RECORDS PROVIDED below:
(* Let $H:\mathbb{R}^n\rightrightarrows\mathbb{R}^n$ be a closed convex process such that $\mathcal{F}(H)^-\cap\operatorname{cl}(\mathcal{F}(H^+))=\{0\}$. If $V\in\mathcal{V}$ is a weak Lyapunov function for $H$, then $W:=(V|_{\mathcal{F}(H)})^\star$ is a strong Lyapunov function for $H^+$.
   Context: A set-valued map $H:\mathbb{R}^n\rightrightarrows\mathbb{R}^n$ is a convex process if its graph $\{(x,y)\mid y\in H(x)\}$ is a convex cone, and closed if the graph is closed. For a set-valued map $G$, a trajectory is a sequence $(x_k)_{k\ge0}$ with $x_{k+1}\in G(x_k)$ for all $k\ge0$, and $\mathcal{F}(G)$ is the set of $\xi$ such that some trajectory has $x_0=\xi$. The positive dual process is defined by $p\in H^+(q)\iff\langle p,x\rangle\le\langle q,y\rangle$ for all $(x,y)\in\operatorname{graph}(H)$. For a set $\mathcal{C}$, $\mathcal{C}^-=\{y\mid\langle x,y\rangle\le0\ \forall x\in\mathcal{C}\}$; $\operatorname{cl}$ denotes closure. $\mathcal{V}$ is the set of extended real-valued functions $f:\mathbb{R}^n\to\mathbb{R}\cup\{\pm\infty\}$ that are closed and convex (closed convex epigraph), positive semi-definite ($f(0)=0$, $f\ge0$) and positively homogeneous of degree 2 ($f(\lambda x)=\lambda^2f(x)$ for $\lambda\ge0$). For a convex cone $\mathcal{C}$, $f\in\mathcal{V}$ is positive definite with respect to $\mathcal{C}$ if there exist $0<\alpha\le\beta<\infty$ with $\alpha\|x\|^2\le f(x)\le\beta\|x\|^2$ for all $x\in\mathcal{C}$. $f|_{\mathcal{C}}(x)=f(x)$ if $x\in\mathcal{C}$ and $+\infty$ otherwise; $f^\star(y)=\sup_x\{y\cdot x-f(x)\}$ is the convex conjugate. For a convex process $G$: $V\in\mathcal{V}$ is a weak Lyapunov function for $G$ if $V$ is positive definite with respect to $\mathcal{F}(G)$ and there is $\gamma\in(0,1)$ such that for every $x\in\mathcal{F}(G)$ there exists $y\in\mathcal{F}(G)\cap G(x)$ with $V(y)\le\gamma V(x)$; $V\in\mathcal{V}$ is a strong Lyapunov function for $G$ if $V$ is positive definite with respect to $\mathcal{F}(G)$ and there is $\gamma\in(0,1)$ such that for every $x\in\mathcal{F}(G)$ and every $y\in\mathcal{F}(G)\cap G(x)$, $V(y)\le\gamma V(x)$. *)

theory Defs
  imports "HOL-Analysis.Analysis" "HOL-Library.Extended_Real"
begin

type_synonym 'a setmap = "'a \<Rightarrow> 'a set"

definition graph_sv :: "'a setmap \<Rightarrow> ('a \<times> 'a) set" where
  "graph_sv H = {(x, y). y \<in> H x}"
End of RECORDS PROVIDED.
→ **WORK TO COMPLETE**: From the line with "type_synonym 'a setmap" to the final line of the data above, please reproduce every line exactly and add nothing.

→ **RESPONSE**:
type_synonym 'a setmap = "'a \<Rightarrow> 'a set"

definition graph_sv :: "'a setmap \<Rightarrow> ('a \<times> 'a) set" where
  "graph_sv H = {(x, y). y \<in> H x}"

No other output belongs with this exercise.